One government interest group that is directly affected by the Fed’s monetary policy is the U.S. Treasury. By law, the U.S. Treasury receives all of the Federal Reserve’s surplus funds (Senate and House of Representatives of the United States of America in Congress, 1913). Since the Fed has changed from a corridor system to a floor system, they change interest rates through manipulation of the interest on excess reserves (IOER). Under this new system, Fed remittances have increased significantly and have since constituted a larger share of the corporate tax profits received by the Treasury (Cutsinger & Luther, 2022). When the Fed raises this rate, it cuts into their surplus as they pay banks for holding reserves. This ultimately results in less sent in remittances to the U.S. Treasury. This is evident, as when the Fed increased the IOER rate from 0.25% in December 2015 to 2.4% in 2019 (Federal Reserve Bank of St. Louis, submitted), the U.S. Treasury’s revenue from the Fed decreased from $115,672 million in 2016 (Department of the Treasury, 2016, p. 131) to $52,793 million in 2019 (Department of the Treasury, 2019 p. 120). With the recent increase in inflation, the Fed has started to increase its interest on reserve balances (Federal Reserve Bank of St. Louis, submitted), which will ultimately cut into its remittances sent to the Treasury. Under these policies, the United States Department of the Treasury loses.

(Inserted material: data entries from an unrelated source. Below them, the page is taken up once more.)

theorem theorem6:
  fixes f :: "real^'n \<Rightarrow> real" and G :: "real^'n \<Rightarrow> real^'n"
    and H :: "real^'n \<Rightarrow> real^'n^'n"
    and L_semi L_est :: real and x0 xs :: "real^'n" and k :: nat
  assumes convex: "convex_on UNIV f"
    and grad: "\<And>x. (f has_derivative (\<lambda>h. G x \<bullet> h)) (at x)"
    and hess: "\<And>x. (G has_derivative (\<lambda>h. H x *v h)) (at x)"
    and hess_cont: "continuous_on UNIV H"
    and hess_pd: "\<And>x v. v \<noteq> 0 \<Longrightarrow> v \<bullet> (H x *v v) > 0"
    and ssc: "semi_strongly_sc H L_semi"
    and L_pos: "L_est > 0"
    and L_ge: "L_est \<ge> L_semi"
    and xs_min: "\<And>y. f xs \<le> f y"
    and xs_unique: "\<And>y. (\<forall>z. f y \<le> f z) \<Longrightarrow> y = xs"
    and level_bdd: "bounded {x. f x \<le> f x0}"
    and k: "k \<ge> 1"
  shows "f (aicn G H L_est x0 (k + 1)) - f xs
           \<le> 9 * L_est * (MAX t\<in>{0..k+1}. loc_norm H (aicn G H L_est x0 t) (aicn G H L_est x0 t - xs)) ^ 3 / (real k)^2
       \<and> 9 * L_est * (MAX t\<in>{0..k+1}. loc_norm H (aicn G H L_est x0 t) (aicn G H L_est x0 t - xs)) ^ 3 / (real k)^2
           \<le> 9 * L_est * (SUP x\<in>{x. f x \<le> f x0}. sqrt ((loc_norm H xs (x - xs))^2 + L_est * (loc_norm H xs (x - xs))^3)) ^ 3 / (real k)^2"
proof -
  interpret semi_strongly_self_concordant f G H L_semi
    using grad hess hess_cont hess_pd ssc by unfold_locales auto
  define D where "D = (MAX t\<in>{0..k+1}. loc_norm H (aicn G H L_est x0 t) (aicn G H L_est x0 t - xs))"
  define R where "R = (SUP x\<in>{x. f x \<le> f x0}. sqrt ((loc_norm H xs (x - xs))^2 + L_est * (loc_norm H xs (x - xs))^3))"
  have "D \<le> R"
    unfolding D_def R_def
    using aicn_loc_norm_le_level_set_radius [OF L_pos L_ge level_bdd] by (intro Max.boundedI) auto
  moreover have "0 \<le> D"
    unfolding D_def by (rule order_trans [OF loc_norm_nonneg Max_ge]) auto
  ultimately have "9 * L_est * D^3 / (real k)^2 \<le> 9 * L_est * R^3 / (real k)^2"
    using L_pos by (intro divide_right_mono mult_left_mono power_mono) auto
  then show ?thesis
    using aicn_rate [OF convex L_pos L_ge k, of x0 xs] by (simp add: D_def R_def)
qed

end
lemma Int_E2_0_E2_1: assumes M: "M \<in> E2_0 mem le" and N: "N \<in> E2_1 mem le" and NM: "mem N M"
  shows "\<exists>K. E K = E N \<inter> E M \<and> K \<in> E2_0 mem le \<and> mem K N"
proof -
  have ME: "elem_sub mem le M" and Mc: "countable (E M)" using M by (auto simp: E2_0_def)
  have NE: "elem_sub mem le N" using N by (simp add: E2_1_def)
  obtain C where C: "C \<in> E M" "chain_code C N" using chain_code_in_elementary[OF ME NM N] by blast
  obtain \<delta> where \<delta>: "E \<delta> = Omega1 mem \<inter> E M"
    using ex_ext_eq_countable[OF countable_Int2[OF Mc]] by blast
  have mem_\<delta>: "mem x \<delta> \<longleftrightarrow> x \<in> Omega1 mem \<and> x \<in> E M" for x
    using \<delta> by (metis E_iff IntD1 IntD2 IntI)
  have "E M \<noteq> {}" using NM by auto
  note \<delta>\<omega> = Omega1_Int_elementary[OF ME Mc this \<delta>]
  obtain z X where zX: "mem z C" "is_pair mem z \<delta> X"
    using chain_codeD(4)[OF C(2) \<delta>\<omega>(1)] by (elim exE conjE) (rule that)
  note X = chain_code_entry[OF C(2) zX]
  have EX: "E X = {y. \<exists>\<zeta> z' X'. mem \<zeta> \<delta> \<and> mem z' C \<and> is_pair mem z' \<zeta> X' \<and> mem y X'}"
    using X(4)[OF \<delta>\<omega>(2)] .
  have "E X = E N \<inter> E M"
  proof (intro set_eqI iffI)
    fix y assume "y \<in> E X"
    then have "\<exists>\<zeta> z' X'. mem \<zeta> \<delta> \<and> mem z' C \<and> is_pair mem z' \<zeta> X' \<and> mem y X'"
      unfolding EX by simp
    then obtain \<zeta> z' X' where h: "mem \<zeta> \<delta>" "mem z' C" "is_pair mem z' \<zeta> X'" "mem y X'"
      by (elim exE conjE)
    have "\<zeta> \<in> E M" using h(1) mem_\<delta> by blast
    then have "y \<in> E M" using chain_code_value_subset[OF ME C _ h(2,3)] h(4) by auto
    moreover have "E X' \<subseteq> E N"
      using countable_elem_subset[OF NE] chain_code_entry(2,3)[OF C(2) h(2,3)] by simp
    then have "y \<in> E N" using h(4) by auto
    ultimately show "y \<in> E N \<inter> E M" by blast
  next
    fix y assume y: "y \<in> E N \<inter> E M"
    obtain \<xi> z' X' where h: "\<xi> \<in> Omega1 mem" "\<xi> \<in> E M" "mem z' C" "is_pair mem z' \<xi> X'" "mem y X'"
      using chain_code_cover_elementary[OF ME C, of y] y by auto
    have "mem \<xi> \<delta>" using h(1,2) mem_\<delta> by blast
    then show "y \<in> E X" unfolding EX using h(3-5) by auto
  qed
  moreover have "X \<in> E2_0 mem le"
    using elem_sub_Int[OF NE ME NM calculation] X(2) by (simp add: E2_0_def)
  ultimately show ?thesis using X(3) by blast
qed

section \<open>The condition p^M\<close>

definition meet :: "'v \<Rightarrow> 'v \<Rightarrow> 'v" where
  "meet N M = (SOME K. E K = E N \<inter> E M)"

lemma ext_meet: assumes "N \<in> H" shows "E (meet N M) = E N \<inter> E M"
proof -
  have "|E N \<inter> E M| \<le>o aleph1"
    using ordLeq_transitive[OF card_of_mono1[OF Int_lower1] H2_ext_ordLeq_aleph1[OF assms]] .
  then have "\<exists>K. E K = E N \<inter> E M" by (rule ex_ext_eq)
  then show ?thesis unfolding meet_def by (rule someI_ex)
qed

lemma meet_unique: "N \<in> H \<Longrightarrow> E K = E N \<inter> E M \<Longrightarrow> K = meet N M"
  by (rule ext_inj) (simp add: ext_meet del: E_iff)

lemma meet_E2:
  assumes M: "M \<in> E2 mem le" and N: "N \<in> E2 mem le" and NM: "mem N M"
  shows "meet N M \<in> E2 mem le \<and> (meet N M = N \<or> mem (meet N M) N)"
proof -
  have ME: "elem_sub mem le M" using E2_elem_sub[OF M] .
  have NH: "N \<in> H" using elem_sub_ext_H2[OF ME] NM by auto
  show ?thesis
  proof (cases "E N \<subseteq> E M")
    case True
    then have "N = meet N M" using meet_unique[OF NH] by blast
    then show ?thesis using N by simp
  next
    case False
    then have "\<not> countable (E N)" using countable_elem_subset[OF ME] NM by auto
    then have N1: "N \<in> E2_1 mem le" using N by (simp add: E2_def E2_0_def)
    then have "M \<notin> E2_1 mem le" using E2_1_mem_E2_1_subset NM False by blast
    then have M0: "M \<in> E2_0 mem le" using M by (simp add: E2_def)
    obtain K where "E K = E N \<inter> E M" "K \<in> E2_0 mem le" "mem K N"
      using Int_E2_0_E2_1[OF M0 N1 NM] by blast
    then show ?thesis using meet_unique[OF NH] by (auto simp: E2_def)
  qed
qed

definition hull :: "'v \<Rightarrow> 'v \<Rightarrow> 'v set" where
  "hull p M = insert M (E p \<union> (\<lambda>N. meet N M) ` E p)"

lemma E2_subset_H2: "E2 mem le \<subseteq> H"
proof
  fix P assume "P \<in> E2 mem le"
  then have "|E P| \<le>o aleph1"
    by (auto simp: E2_def E2_0_def E2_1_def ordIso_iff_ordLeq countable_ordLeq_aleph1)
  moreover have "E P \<subseteq> H" using elem_sub_ext_H2[OF E2_elem_sub] \<open>P \<in> E2 mem le\<close> .
  ultimately show "P \<in> H" by (simp add: H2_intro)
qed

lemma Mforce_mem_subset:
  assumes "M \<in> E2 mem le" "p \<in> Mforce mem le" "mem p M"
  shows "E p \<subseteq> E M"
proof -
  have "countable (E p)" using assms(2) by (simp add: Mforce_def countable_finite)
  then show ?thesis using countable_elem_subset[OF E2_elem_sub[OF assms(1)]] assms(3) by simp
qed

lemma hull_in_chain:
  assumes M: "M \<in> E2 mem le" and p: "p \<in> Mforce mem le" and pM: "mem p M"
  shows "in_chain mem (hull p M)"
proof -
  have pE2: "E p \<subseteq> E2 mem le" and "in_chain mem (E p)" using p by (auto simp: Mforce_def)
  then obtain xs where xs: "set xs = E p" "successively mem xs"
    unfolding in_chain_def successively_conv_nth by blast
  have p_sub_M: "E p \<subseteq> E M" using Mforce_mem_subset[OF M p pM] .
  let ?f = "\<lambda>N. if meet N M = N then [N] else [meet N M, N]"
  have "successively mem (concat (map ?f xs) @ [M])"
  proof (rule successively_interpolate)
    show "\<forall>N\<in>set xs. meet N M \<noteq> N \<longrightarrow> mem (meet N M) N \<and> (\<forall>y. mem y N \<and> mem y M \<longrightarrow> mem y (meet N M))"
    proof
      fix N assume "N \<in> set xs"
      then have N: "N \<in> E2 mem le" "mem N M" "N \<in> H"
        using xs(1) pE2 p_sub_M E2_subset_H2 by auto
      show "meet N M \<noteq> N \<longrightarrow> mem (meet N M) N \<and> (\<forall>y. mem y N \<and> mem y M \<longrightarrow> mem y (meet N M))"
        using meet_E2[OF M N(1,2)] ext_meet[OF N(3), of M] by auto
    qed
  qed (use xs p_sub_M in auto)
  moreover have "set (concat (map ?f xs) @ [M]) = hull p M"
    using xs(1) by (auto simp: hull_def)
  ultimately show ?thesis unfolding in_chain_def successively_conv_nth by blast
qed

lemma hull_Int_closed:
  assumes p: "p \<in> Mforce mem le" and pH: "E p \<subseteq> H"
    and A: "A \<in> hull p M" and B: "B \<in> hull p M"
  shows "\<exists>K\<in>hull p M. E K = E A \<inter> E B"
proof -
  have "E ` hull p M = insert (E M) (E ` E p \<union> (\<lambda>N. E (meet N M)) ` E p)"
    unfolding hull_def by (simp only: image_insert image_Un image_image)
  also have "(\<lambda>N. E (meet N M)) ` E p = (\<lambda>X. X \<inter> E M) ` E ` E p"
    unfolding image_image using pH by (intro image_cong refl ext_meet) blast
  finally have ext_hull: "E ` hull p M = insert (E M) (E ` E p \<union> (\<lambda>X. X \<inter> E M) ` E ` E p)" .
  have closed: "\<forall>X\<in>E ` E p. \<forall>Y\<in>E ` E p. X \<inter> Y \<in> E ` E p"
  proof (intro ballI)
    fix X Y assume "X \<in> E ` E p" "Y \<in> E ` E p"
    then obtain N N' where N: "N \<in> E p" "N' \<in> E p" and XY: "X = E N" "Y = E N'"
      by blast
    have "\<forall>N\<in>E p. \<forall>N'\<in>E p. \<exists>K\<in>E p. E K = E N \<inter> E N'"
      using p by (simp add: Mforce_def)
    from bspec[OF bspec[OF this N(1)] N(2)]
    obtain K where K: "K \<in> E p" "E K = E N \<inter> E N'" by (rule bexE)
    show "X \<inter> Y \<in> E ` E p" by (rule rev_image_eqI[OF K(1)]) (simp add: K(2) XY)
  qed
  have "\<forall>universe_mem\<in>E ` hull p M. \<forall>V\<in>E ` hull p M. universe_mem \<inter> V \<in> E ` hull p M"
    unfolding ext_hull by (rule Int_closed_insert_restrict[OF closed])
  from bspec[OF bspec[OF this imageI[OF A]] imageI[OF B]]
  obtain K where "K \<in> hull p M" "E A \<inter> E B = E K" by (rule imageE)
  then show ?thesis by auto
qed

lemma hull_subset:
  assumes r: "r \<in> Mforce mem le" and pr: "E p \<subseteq> E r" and Mr: "mem M r" and pH: "E p \<subseteq> H"
  shows "hull p M \<subseteq> E r"
proof -
  have "meet N M \<in> E r" if N: "N \<in> E p" for N
  proof -
    have "\<forall>N\<in>E r. \<forall>N'\<in>E r. \<exists>K\<in>E r. E K = E N \<inter> E N'"
      using r by (simp add: Mforce_def)
    moreover have "N \<in> E r" "M \<in> E r" using pr N Mr by auto
    ultimately obtain K where "K \<in> E r" "E K = E N \<inter> E M" by (meson bexE)
    then show ?thesis using meet_unique pH N by blast
  qed
  then show ?thesis using pr Mr by (auto simp: hull_def)
qed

How effective interest groups in Congress—which in essence controls the Treasury—will be in imposing its will on monetary authorities depends in turn on how institutions shape “political prices.” As we argued earlier, the Fed’s institutional structure reflects the interests of key private interest groups such as the banking industry. As the political influence of these groups declines, we should expect the Treasury and its political overlords to play a greater role in monetary policy. For instance, the Dodd-Frank Act, by no longer allowing Class A directors who represent the stockholding banks to vote for the president of the Reserve Bank (Dodd-Frank Wall Street Reform and Consumer Protection Act, 2010, § 1107), weakened the political power of the banking industry in the Fed. As the influence from the banking industry is weakened, we should expect resulting Fed policy to be less favorable to this group. Bankers, as traders of fixed-income securities, can easily be identified as the losers of inflation (White, 2014). Hence, our theory suggests that inflation is more likely following the reform of the Fed, as bankers are a less represented interest in the Fed’s decision-making. The Fed’s policy response to the COVID-19 pandemic reflects this change.

3.3 European Central Bank

One of the clearest examples of how political forces determine the operation of monetary policy is the creation and development of the euro. When the French government renewed the attempt at a monetary union in 1988, the West German government was extremely skeptical. With the prospect of German reunification, France agreed to reunification in exchange for Germany renouncing the Deutschmark and accepting the establishment of a common currency (Baun, 1995). Initially, however, the Germans knew they could suffer the concentrated costs of money creation and therefore tried to establish institutional safeguards to avoid this scenario.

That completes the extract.